• _Provided entries_
text \<open>For one circuit and one sign vector, Hoelder's inequality at the output
  and the layerwise bound move the signs onto the input coefficient vectors.\<close>

lemma abs_signed_sum_model_fun_le:
  assumes C: "Cs \<in> circuits l ns" and p: "p \<ge> 1" and q: "q > 0" and mu: "mu_pq p q ns Cs \<le> \<mu>"
    and pure: "\<forall>x. pure_state (ns ! 0) (\<rho> x)" and H: "hermitian (2 ^ (ns ! l)) H"
  shows "\<bar>\<Sum>i<m. es!i * model_fun \<rho> H Cs (xs!i)\<bar> \<le>
    \<mu> * 4 powr ((\<Sum>i\<in>{1..l}. real (ns!i)) * max (1 - 1/p) (ereal_recip q)) *
    lnorm (4^(ns!l)) (alpha_vec (ns!l) H) (ereal p) *
    lnorm (4^(ns!0)) (signed_sum m es (\<lambda>i. fI_vec (ns!0) (\<rho> (xs!i)))) (hconj p)"
proof -
  define u where "u = (\<lambda>i. fI_vec (ns!0) (\<rho> (xs!i)))"
  define \<alpha> where "\<alpha> = alpha_vec (ns!l) H"
  define W where "W = circuit_coeffs Cs ns l (signed_sum m es u)"
  have W: "W = (\<lambda>z. \<Sum>i<m. complex_of_real (es!i) * circuit_coeffs Cs ns l (u i) z)"
    unfolding W_def signed_sum_def[abs_def] by (rule circuit_coeffs_linear)
  have "model_fun \<rho> H Cs (xs!i) = Re (\<Sum>z<4^(ns!l). \<alpha> z * circuit_coeffs Cs ns l (u i) z)" for i
    using H pure by (simp add: model_fun_eq_coeffs[OF C] hermitian_def \<alpha>_def u_def)
  then have "(\<Sum>i<m. es!i * model_fun \<rho> H Cs (xs!i))
      = Re (\<Sum>i<m. complex_of_real (es!i) * (\<Sum>z<4^(ns!l). \<alpha> z * circuit_coeffs Cs ns l (u i) z))"
    by (simp add: Re_sum)
  also have "\<dots> = Re (\<Sum>i<m. \<Sum>z<4^(ns!l). \<alpha> z * (complex_of_real (es!i) * circuit_coeffs Cs ns l (u i) z))"
    by (simp only: sum_distrib_left mult.left_commute)
  also have "\<dots> = Re (\<Sum>z<4^(ns!l). \<alpha> z * W z)"
    unfolding W by (simp add: sum_distrib_left sum.swap[of _ "{..<m}"])
  finally have "\<bar>\<Sum>i<m. es!i * model_fun \<rho> H Cs (xs!i)\<bar> \<le> cmod (\<Sum>z<4^(ns!l). \<alpha> z * W z)"
    by (simp only: abs_Re_le_cmod)
  also have "\<dots> \<le> lnorm (4^(ns!l)) \<alpha> (ereal p) * lnorm (4^(ns!l)) W (hconj p)"
    using p by (intro lnorm_holder) auto
  also have "\<dots> \<le> lnorm (4^(ns!l)) \<alpha> (ereal p) *
      (4 powr ((\<Sum>i\<in>{1..l}. real (ns!i)) * max (1 - 1/p) (ereal_recip q)) * \<mu>
        * lnorm (4^(ns!0)) (signed_sum m es u) (hconj p))"
    unfolding W_def using lnorm_circuit_coeffs_le_mu_pq[OF C p q mu]
    by (intro mult_left_mono) (simp_all add: lnorm_nonneg)
  finally show ?thesis
    by (simp add: u_def \<alpha>_def mult_ac)
qed

section \<open>Rademacher sums and Khintchine's inequality\<close>

definition signs :: "nat \<Rightarrow> real list set" where
  "signs m = {es. length es = m \<and> set es \<subseteq> {-1, 1}}"

definition sign_mean :: "nat \<Rightarrow> (real list \<Rightarrow> real) \<Rightarrow> real" where
  "sign_mean m F = (\<Sum>es\<in>signs m. F es) / card (signs m)"

lemma signs_0: "signs 0 = {[]}"
  by (auto simp: signs_def)

lemma signs_Suc: "signs (Suc m) = (Cons 1) ` signs m \<union> (Cons (-1)) ` signs m"
proof (rule Set.set_eqI)
  fix es
  show "es \<in> signs (Suc m) \<longleftrightarrow> es \<in> (Cons 1) ` signs m \<union> (Cons (-1)) ` signs m"
    by (cases es) (auto simp: signs_def)
qed

lemma finite_signs: "finite (signs m)"
  by (induction m) (auto simp: signs_0 signs_Suc)

lemma sum_signs_Suc: "(\<Sum>es\<in>signs (Suc m). F es) = (\<Sum>es\<in>signs m. F (1 # es) + F ((-1) # es))"
proof -
  have "(Cons 1) ` signs m \<inter> (Cons (-1)) ` signs m = {}"
    by auto
  then have "(\<Sum>es\<in>signs (Suc m). F es) =
      (\<Sum>es\<in>(Cons 1) ` signs m. F es) + (\<Sum>es\<in>(Cons (-1)) ` signs m. F es)"
    unfolding signs_Suc by (intro sum.union_disjoint) (auto simp: finite_signs)
  also have "\<dots> = (\<Sum>es\<in>signs m. F (1 # es)) + (\<Sum>es\<in>signs m. F ((-1) # es))"
    by (simp add: sum.reindex)
  finally show ?thesis
    by (simp add: sum.distrib)
qed

lemma card_signs: "card (signs m) = 2^m"
proof (induction m)
  case 0
  then show ?case by (simp add: signs_0)
next
  case (Suc m)
  have "card (signs (Suc m)) = (\<Sum>es\<in>signs (Suc m). 1)"
    by simp
  also have "\<dots> = 2 * card (signs m)"
    by (subst sum_signs_Suc) simp
  finally show ?case
    using Suc by simp
qed

lemma signs_nonempty: "signs m \<noteq> {}"
  using card_signs[of m] by auto

lemma sign_mean_mono: "(\<And>es. es \<in> signs m \<Longrightarrow> F es \<le> G es) \<Longrightarrow> sign_mean m F \<le> sign_mean m G"
  unfolding sign_mean_def by (intro divide_right_mono sum_mono) auto

lemma sign_mean_le_powr_sign_mean:
  "(\<And>es. F es \<ge> 0) \<Longrightarrow> p \<ge> 1 \<Longrightarrow> sign_mean m F \<le> sign_mean m (\<lambda>es. F es powr p) powr (1/p)"
  unfolding sign_mean_def
  by (rule mean_le_powr_mean) (auto simp: finite_signs signs_nonempty)

lemma sum_atMost_double_even:
  fixes g :: "nat \<Rightarrow> real"
  shows "(\<Sum>i\<le>2*k. if even i then g i else 0) = (\<Sum>j\<le>k. g (2*j))"
proof (induction k)
  case 0
  then show ?case by simp
next
  case (Suc k)
  have "2 * Suc k = Suc (Suc (2*k))"
    by simp
  then show ?case
    using Suc by (simp add: atMost_Suc)
qed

• _The task_
Each line containing "open" belongs in the answer; pick these out of the material and copy them.

• _Worked solution_
text \<open>For one circuit and one sign vector, Hoelder's inequality at the output
section \<open>Rademacher sums and Khintchine's inequality\<close>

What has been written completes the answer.